(* Let $x\in V(D^+)\setminus\{s\}$ and $y\in C(x)$. Then there are two internally disjoint directed paths in $D^+$, one from $I_s(x)$ to $x$ and one from $y$ to $x$.
   Context: $G=(V,E,w)$ is a simple, connected, undirected graph with positive edge lengths, $s,t\in V$. $D$ is the union of all shortest $st$-paths of $G$, and $D^+$ is the directed acyclic graph obtained from $D$ by orienting every edge toward $t$. $x\prec y$ means $x$ is an ancestor of $y$ in $D^+$ (a directed path of positive length from $x$ to $y$ exists). For $x\neq s$, $v\neq x$ is an $s$-dominator of $x$ if every directed path from $s$ to $x$ in $D^+$ contains $v$, and $I_s(x)$ is the $s$-dominator of $x$ closest to $x$ (every other $s$-dominator of $x$ is an $s$-dominator of $I_s(x)$). For $x\neq s$, $C(x)=\{v\in V(D^+): I_s(x)\prec v\prec x\}$. Two paths are internally disjoint if they share no vertex other than their endpoints. *)

theory Defs
  imports Complex_Main
begin

definition simple_graph :: "'a set \<Rightarrow> 'a set set \<Rightarrow> bool" where
  "simple_graph V E \<longleftrightarrow> finite V \<and> (\<forall>e\<in>E. \<exists>u v. e = {u, v} \<and> u \<noteq> v \<and> u \<in> V \<and> v \<in> V)"

definition upath :: "'a set \<Rightarrow> 'a set set \<Rightarrow> 'a list \<Rightarrow> bool" where
  "upath V E p \<longleftrightarrow> p \<noteq> [] \<and> distinct p \<and> set p \<subseteq> V \<and>
     (\<forall>i < length p - 1. {p ! i, p ! Suc i} \<in> E)"

definition connected_graph :: "'a set \<Rightarrow> 'a set set \<Rightarrow> bool" where
  "connected_graph V E \<longleftrightarrow> (\<forall>u\<in>V. \<forall>v\<in>V. \<exists>p. upath V E p \<and> hd p = u \<and> last p = v)"

definition plen :: "('a set \<Rightarrow> real) \<Rightarrow> 'a list \<Rightarrow> real" where
  "plen w p = (\<Sum>i < length p - 1. w {p ! i, p ! Suc i})"

definition shortest_path :: "'a set \<Rightarrow> 'a set set \<Rightarrow> ('a set \<Rightarrow> real) \<Rightarrow> 'a \<Rightarrow> 'a \<Rightarrow> 'a list \<Rightarrow> bool" where
  "shortest_path V E w s t p \<longleftrightarrow> upath V E p \<and> hd p = s \<and> last p = t \<and>
     (\<forall>q. upath V E q \<and> hd q = s \<and> last q = t \<longrightarrow> plen w p \<le> plen w q)"

definition DV :: "'a set \<Rightarrow> 'a set set \<Rightarrow> ('a set \<Rightarrow> real) \<Rightarrow> 'a \<Rightarrow> 'a \<Rightarrow> 'a set" where
  "DV V E w s t = \<Union>{set p | p. shortest_path V E w s t p}"

definition DA :: "'a set \<Rightarrow> 'a set set \<Rightarrow> ('a set \<Rightarrow> real) \<Rightarrow> 'a \<Rightarrow> 'a \<Rightarrow> ('a \<times> 'a) set" where
  "DA V E w s t = {(p ! i, p ! Suc i) | p i. shortest_path V E w s t p \<and> i < length p - 1}"

definition dpath :: "'a set \<Rightarrow> 'a set set \<Rightarrow> ('a set \<Rightarrow> real) \<Rightarrow> 'a \<Rightarrow> 'a \<Rightarrow> 'a list \<Rightarrow> bool" where
  "dpath V E w s t p \<longleftrightarrow> p \<noteq> [] \<and> distinct p \<and> set p \<subseteq> DV V E w s t \<and>
     (\<forall>i < length p - 1. (p ! i, p ! Suc i) \<in> DA V E w s t)"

Exercise directions: Whenever "noteq" shows up in a line of the listing, copy that whole line.

Solution to the problem:
  "simple_graph V E \<longleftrightarrow> finite V \<and> (\<forall>e\<in>E. \<exists>u v. e = {u, v} \<and> u \<noteq> v \<and> u \<in> V \<and> v \<in> V)"
  "upath V E p \<longleftrightarrow> p \<noteq> [] \<and> distinct p \<and> set p \<subseteq> V \<and>
  "dpath V E w s t p \<longleftrightarrow> p \<noteq> [] \<and> distinct p \<and> set p \<subseteq> DV V E w s t \<and>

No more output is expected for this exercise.